As a reflection, we believe that this clinical entity (polypoid anal prolapse) is probably underdiagnosed, probably due to the intermittent nature of the prolapse and the indolent course that most patients usually present. Therefore, we subscribe to the report by Akkoyun et al. and believe that the use of photographs and videos to characterize the lesion by parents is a simple and inexpensive way to improve the diagnostic yield in this pathology.
The main strength of this work is the rigorous and adequately characterized description of the case, accompanied by an extensive and reasoned analysis of the previously existing literature. As a limitation, it should be considered that the literature review has not been systematic and therefore there may be papers that have not been included in it.

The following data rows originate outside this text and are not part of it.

(* Let $K\subseteq\mathbb{R}^d$ be a convex body and let $r\ge 0$. Let $E$ be a John ellipsoid of $K$, with center $c$, and let $H$ be a hyperplane passing through $c$, which divides $K$ into the two pieces $K^+=K\cap H^+$ and $K^-=K\cap H^-$, where $H^+$ and $H^-$ are the two closed half-spaces bounded by $H$. Then $$\mathsf{Vol}(K^+ + r\mathsf{B})\le\Big(1-\frac{1}{10d^d}\Big)\Big(\mathsf{Vol}(K^+ + r\mathsf{B})+\mathsf{Vol}(K^- + r\mathsf{B})\Big).$$
   Context: A convex body is a compact convex subset of $\mathbb{R}^d$ with nonempty interior. $\mathsf{B}$ is the closed unit Euclidean ball in $\mathbb{R}^d$, $+$ denotes Minkowski sum $X+Y=\{x+y:x\in X,y\in Y\}$, and $\mathsf{Vol}$ is Lebesgue measure. A John ellipsoid of $K$ is a set $E=A^{-1}(q+\mathsf{B})$, where $q\in\mathbb{R}^d$ and $A$ is an invertible linear map such that $q+\mathsf{B}\subseteq A(K)\subseteq q+d\mathsf{B}$ (such $q$ and $A$ always exist); its center is $A^{-1}q$. *)

theory Defs
  imports "HOL-Analysis.Analysis"
begin

definition convex_body :: "'a::euclidean_space set \<Rightarrow> bool" where
  "convex_body K \<longleftrightarrow> compact K \<and> convex K \<and> interior K \<noteq> {}"

definition mink_sum :: "'a::euclidean_space set \<Rightarrow> 'a set \<Rightarrow> 'a set" where
  "mink_sum X Y = {x + y | x y. x \<in> X \<and> y \<in> Y}"

text \<open>E = A^{-1}(q + B) is a John ellipsoid of K, given by the data (A, q):
  A invertible linear with q + B \<subseteq> A(K) \<subseteq> q + d B, d the dimension.\<close>
definition john_data :: "'a::euclidean_space set \<Rightarrow> ('a \<Rightarrow> 'a) \<Rightarrow> 'a \<Rightarrow> bool" where
  "john_data K A q \<longleftrightarrow> linear A \<and> bij A \<and>
     cball q 1 \<subseteq> A ` K \<and> A ` K \<subseteq> cball q (real DIM('a))"

end

theory Submission
  imports Defs
begin

text \<open>The John ellipsoid \<open>E\<close> lies in \<open>K\<close>, is centrally symmetric about \<open>c\<close>, and its
  dilate by the factor \<open>d\<close> about \<open>c\<close> contains \<open>K\<close>. Since \<open>r B \<subseteq> d r B\<close>, this gives
  \<open>Vol(K\<^sup>+ + r B) \<le> d\<^sup>d Vol(E + r B)\<close>. The point reflection through \<open>c\<close> maps
  \<open>E\<^sup>+ + r B\<close> into \<open>E\<^sup>- + r B\<close>, so \<open>Vol(E + r B) \<le> 2 Vol(E\<^sup>- + r B) \<le> 2 Vol(K\<^sup>- + r B)\<close>.
  The resulting bound \<open>Vol(K\<^sup>+ + r B) \<le> 2 d\<^sup>d Vol(K\<^sup>- + r B)\<close> is stronger than the claim.\<close>

definition homothety :: "'a::real_vector \<Rightarrow> real \<Rightarrow> 'a \<Rightarrow> 'a" where
  "homothety c t x = t *\<^sub>R x + (1 - t) *\<^sub>R c"

lemma homothety_homothety: "homothety c s (homothety c t x) = homothety c (s * t) x"
  by (simp add: homothety_def algebra_simps)

lemma homothety_one [simp]: "homothety c 1 x = x"
  by (simp add: homothety_def)

lemma dist_homothety:
  fixes c :: "'a::real_normed_vector"
  shows "dist c (homothety c t x) = \<bar>t\<bar> * dist c x"
proof -
  have "c - homothety c t x = t *\<^sub>R (c - x)"
    by (simp add: homothety_def algebra_simps)
  then show ?thesis
    unfolding dist_norm by simp
qed

lemma homothety_cball:
  fixes c :: "'a::real_normed_vector"
  assumes "t \<noteq> 0"
  shows "homothety c t ` cball c \<rho> = cball c (\<bar>t\<bar> * \<rho>)"
proof
  show "homothety c t ` cball c \<rho> \<subseteq> cball c (\<bar>t\<bar> * \<rho>)"
    by (auto simp: dist_homothety mult_left_mono)
  show "cball c (\<bar>t\<bar> * \<rho>) \<subseteq> homothety c t ` cball c \<rho>"
  proof
    fix y assume "y \<in> cball c (\<bar>t\<bar> * \<rho>)"
    then have "homothety c (1 / t) y \<in> cball c \<rho>"
      using assms by (simp add: dist_homothety field_simps)
    moreover have "y = homothety c t (homothety c (1 / t) y)"
      using assms by (simp add: homothety_homothety)
    ultimately show "y \<in> homothety c t ` cball c \<rho>"
      by blast
  qed
qed

lemma linear_homothety: "linear f \<Longrightarrow> f (homothety c t x) = homothety (f c) t (f x)"
  by (simp add: homothety_def linear_add linear_scale)

lemma inner_homothety_reflect: "u \<bullet> homothety c (-1) x = 2 * (u \<bullet> c) - u \<bullet> x"
  by (simp add: homothety_def inner_add_right inner_diff_right)

lemma compact_homothety_image:
  fixes S :: "'a::real_normed_vector set"
  assumes "compact S"
  shows "compact (homothety c t ` S)"
  unfolding homothety_def
  by (intro compact_continuous_image continuous_on_add continuous_on_scaleR continuous_on_const
      continuous_on_id assms)

lemma measure_homothety:
  fixes S :: "'a::euclidean_space set"
  shows "measure lebesgue (homothety c t ` S) = \<bar>t\<bar> ^ DIM('a) * measure lebesgue S"
  unfolding homothety_def by (rule measure_lebesgue_affine)

lemma compact_mink_sum: "compact X \<Longrightarrow> compact Y \<Longrightarrow> compact (mink_sum X Y)"
  unfolding mink_sum_def by (rule compact_sums)

lemma mink_sum_mono: "X \<subseteq> X' \<Longrightarrow> Y \<subseteq> Y' \<Longrightarrow> mink_sum X Y \<subseteq> mink_sum X' Y'"
  unfolding mink_sum_def by blast

lemma mink_sum_Un: "mink_sum (X \<union> X') Y = mink_sum X Y \<union> mink_sum X' Y"
  unfolding mink_sum_def by blast

lemma homothety_mink_sum:
  "homothety c t ` mink_sum X Y = mink_sum (homothety c t ` X) ((\<lambda>y. t *\<^sub>R y) ` Y)"
proof -
  have homothety_add: "homothety c t (x + y) = homothety c t x + t *\<^sub>R y" for x y
    by (simp add: homothety_def algebra_simps)
  show ?thesis
  proof
    show "homothety c t ` mink_sum X Y \<subseteq> mink_sum (homothety c t ` X) ((\<lambda>y. t *\<^sub>R y) ` Y)"
      unfolding mink_sum_def by (auto simp: homothety_add) blast
    show "mink_sum (homothety c t ` X) ((\<lambda>y. t *\<^sub>R y) ` Y) \<subseteq> homothety c t ` mink_sum X Y"
      unfolding mink_sum_def by (auto simp flip: homothety_add) blast
  qed
qed

lemma measure_mono_compact:
  fixes S T :: "'a::euclidean_space set"
  assumes "compact S" and "compact T" and "S \<subseteq> T"
  shows "measure lebesgue S \<le> measure lebesgue T"
  using assms by (intro measure_mono_fmeasurable fmeasurableD lmeasurable_compact)

lemma measure_mink_sum_le_twice_half:
  fixes S Y :: "'a::euclidean_space set"
  assumes "compact S" and S_symmetric: "homothety c (-1) ` S \<subseteq> S"
    and "compact Y" and Y_symmetric: "uminus ` Y \<subseteq> Y"
  shows "measure lebesgue (mink_sum S Y)
    \<le> 2 * measure lebesgue (mink_sum (S \<inter> {x. u \<bullet> x \<le> u \<bullet> c}) Y)"
proof -
  define Sp where "Sp = S \<inter> {x. u \<bullet> x \<ge> u \<bullet> c}"
  define Sm where "Sm = S \<inter> {x. u \<bullet> x \<le> u \<bullet> c}"
  have compact_halves: "compact (mink_sum Sp Y)" "compact (mink_sum Sm Y)"
    unfolding Sp_def Sm_def
    by (intro compact_mink_sum compact_Int_closed closed_halfspace_ge closed_halfspace_le assms)+
  have "homothety c (-1) ` Sp \<subseteq> Sm"
    using S_symmetric unfolding Sp_def Sm_def by (auto simp: inner_homothety_reflect)
  moreover have "(\<lambda>y. (-1) *\<^sub>R y) ` Y \<subseteq> Y"
    using Y_symmetric by simp
  ultimately have reflect: "homothety c (-1) ` mink_sum Sp Y \<subseteq> mink_sum Sm Y"
    unfolding homothety_mink_sum by (rule mink_sum_mono)
  have "measure lebesgue (mink_sum Sp Y)
      = measure lebesgue (homothety c (-1) ` mink_sum Sp Y)"
    by (simp add: measure_homothety)
  also have "\<dots> \<le> measure lebesgue (mink_sum Sm Y)"
    using reflect compact_halves by (intro measure_mono_compact compact_homothety_image)
  finally have half_le:
    "measure lebesgue (mink_sum Sp Y) \<le> measure lebesgue (mink_sum Sm Y)" .
  have "S = Sp \<union> Sm"
    unfolding Sp_def Sm_def by auto
  then have split: "mink_sum S Y = mink_sum Sp Y \<union> mink_sum Sm Y"
    by (simp add: mink_sum_Un)
  have "measure lebesgue (mink_sum S Y)
      \<le> measure lebesgue (mink_sum Sp Y) + measure lebesgue (mink_sum Sm Y)"
    unfolding split by (intro measure_Un_le fmeasurableD lmeasurable_compact compact_halves)
  with half_le show ?thesis
    unfolding Sm_def by simp
qed

lemma measure_mink_sum_halfspace_le:
  fixes K E :: "'a::euclidean_space set"
  assumes "compact K" and "compact E" and E_in_K: "E \<subseteq> K"
    and E_symmetric: "homothety c (-1) ` E \<subseteq> E"
    and K_in_dilate: "K \<subseteq> homothety c t ` E" and t_ge_1: "1 \<le> t" and "0 \<le> r"
  shows "measure lebesgue (mink_sum (K \<inter> {x. u \<bullet> x \<ge> u \<bullet> c}) (cball 0 r))
    \<le> 2 * t ^ DIM('a) *
      measure lebesgue (mink_sum (K \<inter> {x. u \<bullet> x \<le> u \<bullet> c}) (cball 0 r))"
proof -
  let ?B = "cball (0::'a) r"
  have "?B \<subseteq> cball 0 (t * r)"
    using t_ge_1 \<open>0 \<le> r\<close>
    by (intro cball_subset_cball_iff[THEN iffD2]) (simp add: mult_le_cancel_right1)
  also have "\<dots> = (\<lambda>y. t *\<^sub>R y) ` ?B"
    using t_ge_1 cball_scale[of t 0 r, symmetric] by simp
  finally have "mink_sum (K \<inter> {x. u \<bullet> x \<ge> u \<bullet> c}) ?B \<subseteq> homothety c t ` mink_sum E ?B"
    unfolding homothety_mink_sum using K_in_dilate by (intro mink_sum_mono) auto
  then have "measure lebesgue (mink_sum (K \<inter> {x. u \<bullet> x \<ge> u \<bullet> c}) ?B)
      \<le> measure lebesgue (homothety c t ` mink_sum E ?B)"
    by (intro measure_mono_compact compact_homothety_image compact_mink_sum compact_Int_closed
        closed_halfspace_ge compact_cball assms)
  also have "\<dots> = t ^ DIM('a) * measure lebesgue (mink_sum E ?B)"
    using t_ge_1 by (simp add: measure_homothety)
  also have "\<dots> \<le> t ^ DIM('a) *
      (2 * measure lebesgue (mink_sum (E \<inter> {x. u \<bullet> x \<le> u \<bullet> c}) ?B))"
    using t_ge_1 E_symmetric
    by (intro mult_left_mono measure_mink_sum_le_twice_half compact_cball assms) auto
  also have "\<dots> \<le> t ^ DIM('a) *
      (2 * measure lebesgue (mink_sum (K \<inter> {x. u \<bullet> x \<le> u \<bullet> c}) ?B))"
    using t_ge_1 E_in_K
    by (intro mult_left_mono measure_mono_compact mink_sum_mono compact_mink_sum compact_Int_closed
        closed_halfspace_le compact_cball assms) auto
  finally show ?thesis
    by (simp add: algebra_simps)
qed

lemma john_data_ellipsoid:
  fixes K :: "'a::euclidean_space set"
  assumes "john_data K A q"
  defines "E \<equiv> inv A ` cball q 1"
  shows "compact E" and "E \<subseteq> K" and "homothety (inv A q) (-1) ` E \<subseteq> E"
    and "K \<subseteq> homothety (inv A q) (real DIM('a)) ` E"
proof -
  have "linear A" "inj A" and ball_in_K: "cball q 1 \<subseteq> A ` K"
    and K_in_ball: "A ` K \<subseteq> cball q (real DIM('a))"
    using assms(1) unfolding john_data_def by (auto simp: bij_is_inj)
  then have lin_inv: "linear (inv A)" and inv_A: "\<And>X. inv A ` A ` X = X"
    by (auto simp: inj_linear_imp_inv_linear image_inv_f_f)
  have inv_homothety: "inv A ` homothety q t ` X = homothety (inv A q) t ` inv A ` X" for t X
    unfolding image_image using lin_inv by (simp add: linear_homothety)
  show "compact E"
    unfolding E_def using lin_inv
    by (intro compact_continuous_image linear_continuous_on compact_cball)
      (simp add: linear_conv_bounded_linear)
  show "E \<subseteq> K"
    unfolding E_def using image_mono[OF ball_in_K, of "inv A"] inv_A by simp
  show "homothety (inv A q) (-1) ` E \<subseteq> E"
    unfolding E_def inv_homothety[symmetric] by (simp add: homothety_cball)
  have "K = inv A ` A ` K"
    using inv_A by simp
  also have "\<dots> \<subseteq> inv A ` homothety q (real DIM('a)) ` cball q 1"
    using image_mono[OF K_in_ball, of "inv A"] by (simp add: homothety_cball)
  finally show "K \<subseteq> homothety (inv A q) (real DIM('a)) ` E"
    unfolding E_def inv_homothety .
qed

lemma le_fraction_of_sum:
  fixes a b D :: real
  assumes "0 \<le> b" and "1 \<le> D" and "a \<le> 2 * D * b"
  shows "a \<le> (1 - 1 / (10 * D)) * (a + b)"
proof -
  have "a / (10 * D) \<le> b / 5"
    using assms by (simp add: field_simps)
  also have "\<dots> \<le> (1 - 1 / (10 * D)) * b"
  proof -
    have "1 / (10 * D) \<le> 4 / 5"
      using assms(2) by (simp add: field_simps)
    then show ?thesis
      using mult_right_mono[OF _ assms(1), of "1 / 5" "1 - 1 / (10 * D)"] by simp
  qed
  finally show ?thesis
    by (simp add: algebra_simps add_divide_distrib)
qed

theorem lemma4p1:
  fixes K :: "'a::euclidean_space set" and r :: real
    and A :: "'a \<Rightarrow> 'a" and q c u :: 'a
  assumes "convex_body K"
    and "r \<ge> 0"
    and "john_data K A q"
    and "c = inv A q"
    and "u \<noteq> 0"
  shows "measure lebesgue (mink_sum (K \<inter> {x. u \<bullet> x \<ge> u \<bullet> c}) (cball 0 r))
     \<le> (1 - 1 / (10 * real DIM('a) ^ DIM('a))) *
        (measure lebesgue (mink_sum (K \<inter> {x. u \<bullet> x \<ge> u \<bullet> c}) (cball 0 r))
       + measure lebesgue (mink_sum (K \<inter> {x. u \<bullet> x \<le> u \<bullet> c}) (cball 0 r)))"
proof (rule le_fraction_of_sum)
  have dim_ge_1: "1 \<le> real DIM('a)"
    by (simp add: Suc_le_eq)
  then show "1 \<le> real DIM('a) ^ DIM('a)"
    by simp
  have "compact K"
    using assms(1) unfolding convex_body_def by blast
  from measure_mink_sum_halfspace_le[OF this john_data_ellipsoid[OF assms(3)] dim_ge_1 assms(2)]
  show "measure lebesgue (mink_sum (K \<inter> {x. u \<bullet> x \<ge> u \<bullet> c}) (cball 0 r))
    \<le> 2 * real DIM('a) ^ DIM('a) *
      measure lebesgue (mink_sum (K \<inter> {x. u \<bullet> x \<le> u \<bullet> c}) (cball 0 r))"
    unfolding assms(4) .
qed simp

end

In conclusion, although the clinical presentation of a polyp as an anal prolapse is uncommon, it should be considered in the differential diagnosis of anal tumors. This presentation may be somewhat more prevalent in cases of hamartomatous polyps, like ours [25]. Other entities should also be considered in the diagnosis of an anal mucosal mass, such as mucosal rectal prolapse, haemorrhoids or infrequent lesions in this location such as lipomas [26]. Although most lesions correspond to juvenile or retentive polyps, histopathologic confirmation is essential to adequately characterize the lesion and to rule out the presence of dysplasia. Based on current evidence, there does not appear to be an association between this clinical presentation and polyposis syndromes.